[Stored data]
lemma crossing_pairings6:
  assumes dist: "distinct [p1, q1, p2, q2, p3, q3]" and cover: "{p1, q1, p2, q2, p3, q3} = {1..6}"
  shows "{{p1, q1}, {p2, q2}, {p3, q3}} \<in> pairings6" "{{p1, p2}, {q2, p3}, {q1, q3}} \<in> pairings6"
    "{{p1, p3}, {p2, q3}, {q1, q2}} \<in> pairings6" "{{p1, p2}, {p3, q3}, {q1, q2}} \<in> pairings6"
proof -
  have triple: "{{a, b}, {c, d}, {e, f}} \<in> pairings6"
    if "{a, b, c, d, e, f} = {p1, q1, p2, q2, p3, q3}" "distinct [a, b, c, d, e, f]" for a b c d e f
    using that cover by (simp add: triple_in_pairings6_iff)
  show "{{p1, q1}, {p2, q2}, {p3, q3}} \<in> pairings6" "{{p1, p2}, {q2, p3}, {q1, q3}} \<in> pairings6"
    "{{p1, p3}, {p2, q3}, {q1, q2}} \<in> pairings6" "{{p1, p2}, {p3, q3}, {q1, q2}} \<in> pairings6"
    using dist by (auto intro!: triple)
qed

lemma crossing_combination_notin_Phi_image:
  assumes U1: "type33 U1 J1 J2" and U2: "type222 U2 I1 I2 I3"
    and nprec: "\<not> labeling_prec I1 I2 I3 J1 J2" and "0 < a" "0 < b"
  shows "(\<lambda>P. a * PhiU U1 P + b * PhiU U2 P) \<notin> Phi_image"
proof
  assume "(\<lambda>P. a * PhiU U1 P + b * PhiU U2 P) \<in> Phi_image"
  then obtain Z where "Phi Z = (\<lambda>P. a * PhiU U1 P + b * PhiU U2 P)"
    unfolding Phi_image_def by auto
  then have Z: "\<And>P. Phi Z P = a * PhiU U1 P + b * PhiU U2 P"
    by simp
  have supported: "Phi Z P \<noteq> 0" if "PhiU U1 P \<noteq> 0 \<or> PhiU U2 P \<noteq> 0" for P
    unfolding Z by (intro weighted_sum_neq_0 \<open>0 < a\<close> \<open>0 < b\<close> PhiU_nonneg that)
  obtain p1 q1 p2 q2 p3 q3 where I: "I1 = {p1, q1}" "I2 = {p2, q2}" "I3 = {p3, q3}"
    and J: "p1 \<in> J1" "p2 \<in> J1" "p3 \<in> J1" "q1 \<in> J2" "q2 \<in> J2" "q3 \<in> J2"
    and dist: "distinct [p1, q1, p2, q2, p3, q3]" and cover: "{p1, q1, p2, q2, p3, q3} = {1..6}"
    using crossing_labels[OF U1 U2 nprec] .
  note P = crossing_pairings6[OF dist cover]
  have "Phi Z {{p1, q1}, {p2, q2}, {p3, q3}} \<noteq> 0"
    using type33_det2_neq_0[OF U1, of p1 q1] type33_det2_neq_0[OF U1, of p2 q2]
      type33_det2_neq_0[OF U1, of p3 q3] J
    by (intro supported disjI1) (simp add: PhiU_triple[OF P(1)])
  moreover have "Phi Z {{p1, p2}, {q2, p3}, {q1, q3}} \<noteq> 0"
    using type222_det2_neq_0[OF U2, of I1 I2 p1 p2] type222_det2_neq_0[OF U2, of I2 I3 q2 p3]
      type222_det2_neq_0[OF U2, of I1 I3 q1 q3] dist
    by (intro supported disjI2) (simp add: PhiU_triple[OF P(2)] I)
  moreover have "Phi Z {{p1, p3}, {p2, q3}, {q1, q2}} \<noteq> 0"
    using type222_det2_neq_0[OF U2, of I1 I3 p1 p3] type222_det2_neq_0[OF U2, of I2 I3 p2 q3]
      type222_det2_neq_0[OF U2, of I1 I2 q1 q2] dist
    by (intro supported disjI2) (simp add: PhiU_triple[OF P(3)] I)
  ultimately have "Phi Z {{p1, p2}, {p3, q3}, {q1, q2}} \<noteq> 0"
    using Phi_neq_0_recombined P by blast
  moreover have "PhiU U1 {{p1, p2}, {p3, q3}, {q1, q2}} = 0"
    using type33_det2_eq_0[OF U1, of J1 p1 p2] J by (simp add: PhiU_triple[OF P(4)])
  moreover have "PhiU U2 {{p1, p2}, {p3, q3}, {q1, q2}} = 0"
    using type222_det2_eq_0[OF U2, of I3 p3 q3] I by (simp add: PhiU_triple[OF P(4)])
  ultimately show False
    using Z by simp
qed

lemma card_2_containsE:
  assumes "card I = 2" "k \<in> I"
  obtains m where "I = {k, m}" "k \<noteq> m"
proof -
  obtain x y where "I = {x, y}" "x \<noteq> y"
    using assms(1) unfolding card_2_iff by blast
  with assms(2) have "I = {k, if k = x then y else x} \<and> k \<noteq> (if k = x then y else x)"
    by auto
  then show ?thesis
    using that by blast
qed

YOUR TASK: When a line of the records has the word "supported", pick it out and copy it.

COMPLETED TASK:
  have supported: "Phi Z P \<noteq> 0" if "PhiU U1 P \<noteq> 0 \<or> PhiU U2 P \<noteq> 0" for P
    by (intro supported disjI1) (simp add: PhiU_triple[OF P(1)])
    by (intro supported disjI2) (simp add: PhiU_triple[OF P(2)] I)
    by (intro supported disjI2) (simp add: PhiU_triple[OF P(3)] I)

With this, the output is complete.